Although the core of the text of the standard itself is unchanged from the ISO 14971:2007, the update of the Annex ZA has introduced major confusions and headache for manufacturers and certainly for Notified Bodies. In particular, this revision bans the use of the 'As Low As Reasonably Practicable' (ALARP) approach from the risk acceptance process and basically considers that the labelling is not a risk control measure that may decrease the occurrence of a risk. This is what I call A change!
The changes brought by the revision of the EN ISO 14971:2012 harmonized standard could have easily gone unnoticed. The standard indeed fully endorses the text of the current ISO 14971:2007 and the updates only pertain to the informative Annex ZA. While the Annexes ZA has very limited normative impact (for information only), their regulatory impact is however crucial. As always, the devil is in the details...
The Annex Z ensures the regulatory binding between the Essential Requirements of the Medical Devices Directive 93/42/EEC (MDD) and the use of harmonized standard to support compliance, in direct alignment with the Article 5 of the MDD. Said differently, the Annex Z of an harmonized standard corresponds to the current thinking of the European Commission about the relevance of a standard to respond to the Essential Requirements of the MDD. Usually, the interpretation of the European Commission is direct and no specific limits to the standard are made. The Annex ZA (the version 2012 includes 3 Annexes ZA, ZB and ZC - one for each Directive) introduces a particular degree of interpretation on how a manufacturer should apply the standard to respond to the Essential Requirements of the MDD. The direct impact is that a manufacturer thoroughly claiming the compliance to the ISO 14971:2007 without including the requirements of the Annex ZA may not be compliant with the MDD!

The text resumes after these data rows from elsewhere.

(* Let $R\subset\mathbb C_p$ be the ring of integers of a finite extension of $\mathbb Q_p$ with ramification index $e$ and uniformizer $\pi$, containing all $p$-power roots of unity needed below (or work after extending scalars). Let $(G_n)_{n\ge1}$ be finite abelian groups, $\nu\in\Lambda^{\mathrm{hor}}_R=R[[\prod_n G_n]]$, $m\ge1$, and surjections $\rho_n:G_n\to\mathbb Z/p^m$; let $\rho(\nu)\in\Lambda^{\mathrm{dig}}_{R,m}$ be the pushforward of $\nu$ under $\prod_n\rho_n:\prod_nG_n\to(\mathbb Z/p^m)^{\mathbb N}$. Let $f_{\nu,m}(T)\in R[[T]]$ be the Amice transform of $d_{\infty,m}(\rho(\nu))$ and let $\mu\in\mathbb Z_{\ge0}\cup\{\infty\}$, $\lambda\in\mathbb Z_{\ge0}$ be its Weierstrass $\mu$- and $\lambda$-invariants. Fix compatible primitive $p$-power roots of unity $\zeta_{p^k}$ ($\zeta_{p^{k+1}}^p=\zeta_{p^k}$) and let $\chi_0$ be the character of $\mathbb Z/p^m$ with $\chi_0(1)=\zeta_{p^m}$. For $n\ge1$ put $$S_n=\frac{1}{p^{mn}}\sum_{(\chi_i)\in\widehat{\mathbb Z/p^m}^{\,n}}\left(\prod_{i=1}^nu_{m,n-i}(\chi_i)\right)\rho(\nu)(\chi_1,\ldots,\chi_n,\chi_0),\qquad u_{m,n-i}(\chi_i)=\frac{\zeta_{p^{m(n-i+2)}}-1}{\zeta_{p^{m(n-i+2)}}\overline{\chi_i(1)}-1}.$$ If $\rho(\nu)\ne0$ then $\mu<\infty$ and for all sufficiently large $n$, $$v_p(S_n)=\frac{\mu}{e}-\frac{1}{p^m-p^{m-1}}+\frac{\lambda+1}{p^{m(n+1)}-p^{m(n+1)-1}}.$$ If $\rho(\nu)=0$ then $\mu=\infty$ and $S_n=0$ for all $n$.
   Context: For finite abelian groups $G_n$, the horizontal Iwasawa algebra is $\Lambda^{\mathrm{hor}}_R=R[[\prod_nG_n]]=\varprojlim_{A\subset\mathbb N\text{ finite}}R[\prod_{n\in A}G_n]$. The $p^m$-adic digit algebra is $\Lambda^{\mathrm{dig}}_{R,m}=\varprojlim_nR[(\mathbb Z/p^m)^n]$ (projections forgetting the last factor), i.e. $R$-valued measures on $(\mathbb Z/p^m)^{\mathbb N}$; for characters $\chi_j$ of $\mathbb Z/p^m$, $\rho(\nu)(\chi_1,\ldots,\chi_k)=\int\prod_{j\le k}\chi_j(a_j)\,d\rho(\nu)(a)$. The $p^m$-adic digit map $d_{\infty,m}:(\mathbb Z/p^m)^{\mathbb N}\to\mathbb Z_p$, $(a_i)\mapsto\sum_{i\ge1}\tilde a_ip^{m(i-1)}$ ($\tilde a_i\in\{0,\dots,p^m-1\}$), is a homeomorphism and induces by pushforward an $R$-module isomorphism $\Lambda^{\mathrm{dig}}_{R,m}\to R[[\mathbb Z_p]]$. The Amice transform sends $\mu\in R[[\mathbb Z_p]]$ to $\sum_{k\ge0}\mu(\binom{x}{k})T^k\in R[[T]]$. Weierstrass invariants: a nonzero $f\in R[[T]]$ factors uniquely as $\pi^{\mu(f)}g(T)u(T)$ with $u\in R[[T]]^\times$, $g$ monic of degree $\lambda(f)$ with non-leading coefficients in $(\pi)$; for $f=0$ set $\mu=\infty,\lambda=0$. $v_p$ is normalized by $v_p(p)=1$, and $\overline{\chi}=\chi^{-1}$. *)

theory Defs
  imports "HOL-Algebra.Elementary_Groups" "HOL-Computational_Algebra.Polynomial_FPS"
    "HOL-Library.Extended_Real" "HOL-Library.Extended_Nat"
begin

definition valuation :: "('a::field \<Rightarrow> ereal) \<Rightarrow> bool" where
  "valuation v \<longleftrightarrow>
     (\<forall>x. v x = \<infinity> \<longleftrightarrow> x = 0) \<and> (\<forall>x. v x \<noteq> -\<infinity>) \<and>
     (\<forall>x y. v (x * y) = v x + v y) \<and>
     (\<forall>x y. min (v x) (v y) \<le> v (x + y))"

definition vconv :: "('a::field \<Rightarrow> ereal) \<Rightarrow> (nat \<Rightarrow> 'a) \<Rightarrow> 'a \<Rightarrow> bool" where
  "vconv v X c \<longleftrightarrow> (\<forall>M::real. \<exists>N. \<forall>n\<ge>N. ereal M \<le> v (X n - c))"

definition vcomplete :: "('a::field \<Rightarrow> ereal) \<Rightarrow> bool" where
  "vcomplete v \<longleftrightarrow> (\<forall>X. (\<forall>M::real. \<exists>N. \<forall>n\<ge>N. \<forall>k\<ge>N. ereal M \<le> v (X n - X k))
                        \<longrightarrow> (\<exists>c. vconv v X c))"

definition alg_closed_field :: "'a::field itself \<Rightarrow> bool" where
  "alg_closed_field _ \<longleftrightarrow> (\<forall>q :: 'a poly. 0 < degree q \<longrightarrow> (\<exists>x. poly q x = 0))"

definition Cp_like :: "nat \<Rightarrow> ('a::field_char_0 \<Rightarrow> ereal) \<Rightarrow> bool" where
  "Cp_like p v \<longleftrightarrow> prime p \<and> valuation v \<and> v (of_nat p) = 1 \<and> vcomplete v
                   \<and> alg_closed_field TYPE('a)"

definition Qp_in :: "('a::field_char_0 \<Rightarrow> ereal) \<Rightarrow> 'a set" where
  "Qp_in v = {x. \<exists>X. (\<forall>n. X n \<in> \<rat>) \<and> vconv v X x}"

definition subfield_of :: "'a::field set \<Rightarrow> bool" where
  "subfield_of K \<longleftrightarrow> 0 \<in> K \<and> 1 \<in> K \<and> (\<forall>x\<in>K. \<forall>y\<in>K. x + y \<in> K \<and> x * y \<in> K)
     \<and> (\<forall>x\<in>K. - x \<in> K \<and> inverse x \<in> K)"

definition finite_ext_Qp :: "('a::field_char_0 \<Rightarrow> ereal) \<Rightarrow> 'a set \<Rightarrow> bool" where
  "finite_ext_Qp v K \<longleftrightarrow> subfield_of K \<and> Qp_in v \<subseteq> K \<and>
     (\<exists>B. finite B \<and> B \<subseteq> K \<and>
          (\<forall>x\<in>K. \<exists>c. (\<forall>b\<in>B. c b \<in> Qp_in v) \<and> x = (\<Sum>b\<in>B. c b * b)))"

definition int_ring :: "('a::field \<Rightarrow> ereal) \<Rightarrow> 'a set \<Rightarrow> 'a set" where
  "int_ring v K = {x\<in>K. 0 \<le> v x}"

text \<open>pi is a uniformizer of the ring of integers of K, and e is the ramification index
  (p = pi^e * unit, i.e. e * v(pi) = v(p) = 1).\<close>
definition uniformizer :: "('a::field \<Rightarrow> ereal) \<Rightarrow> 'a set \<Rightarrow> 'a \<Rightarrow> bool" where
  "uniformizer v K \<pi> \<longleftrightarrow> \<pi> \<in> K \<and> 0 < v \<pi> \<and> (\<forall>x\<in>K. 0 < v x \<longrightarrow> v \<pi> \<le> v x)"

While some Notified Bodies have issued gap analyses to help (alert?) manufacturers, the application of the revised standard remains very obscure. In particular, the LRQA (No. 0088) has published an interesting document. Among the changes described by the Annex ZA, the following are of particular interest: the removal of the ALARP approach and the loss of impact of the labelling to mitigate a risk.
The end of the ALARP approachALARP approach is no longer accepted and neither Notified Bodies nor manufacturers should consider a risk as acceptable with regards to economic considerations. Risk reduction "as far as possible" applies instead. Additionally, all risks - regardless of their initial risk level - need to be individually reduced as far as possible and balanced against the expected benefits.
Consequently, the risk reduction should be performed regardless of the cost of the risk reduction measures. But where is it supposed to end and what could limit a Notified Body from requesting a manufacturer to further mitigate a risk with control measure costing millions?
In practice, an approach of risk reduction strategy performed together with a systematic assessment of the benefits/risks ratio should apply. It will then be a matter of interpretation and of application of a pragmatic approach.
While the valuable intent of the European Commission was certainly to force manufacturers to preserve patients safety at any price, the interpretation of the Annex ZA will probably end into an 'As Far As Possible but Nevertheless Pragmatic' approach: the AFAPNP is born!
The labelling: do as if nobody reads itAccording to the new Annex ZA, the occurence of a risk cannot be reduced by the labelling. The impact is typically that manufacturers cannot reduce the quotation of the risk only mitigated by a warning in the IFU... Putting this requirement in the perspective of (i) the removal of the ALARP approach and (ii) the 2nd Essential Requirement of the MDD which requests the mitigation by design, then protection and finally labelling, this means that a risk only mitigated by the labelling could never be accepted, unless a manufacturer drastically changes the design of his device regarldess of the cost. Let's illustrate this with the risk of allergic reaction to a material of an implant...People have allergies, so how can a manufacturer prevent from the risk of anaphylaxis (maximum severity) if it is not by the labelling? Should a surgeon instinctively know the composition of a device? Should a manufacturer change the materials of his device at any cost? In this case, should we immediately remove biological products from the market considering the potential allergies of the population? In practice, manufacturers will mitigate the risk by conducting hypersensitivity testing or the use of materials known for their low allergic potential. But still, people have allergies and only the IFU can provide the relevant information for the safe use.
My personal opinion is that the IFU is important and supports both instructive and legal values. Therefore, a pragmatic approach should again be observed when it comes to the mitigation by the labelling and the systematic assessment of the benefits/risks ratio for each individual risk should apply.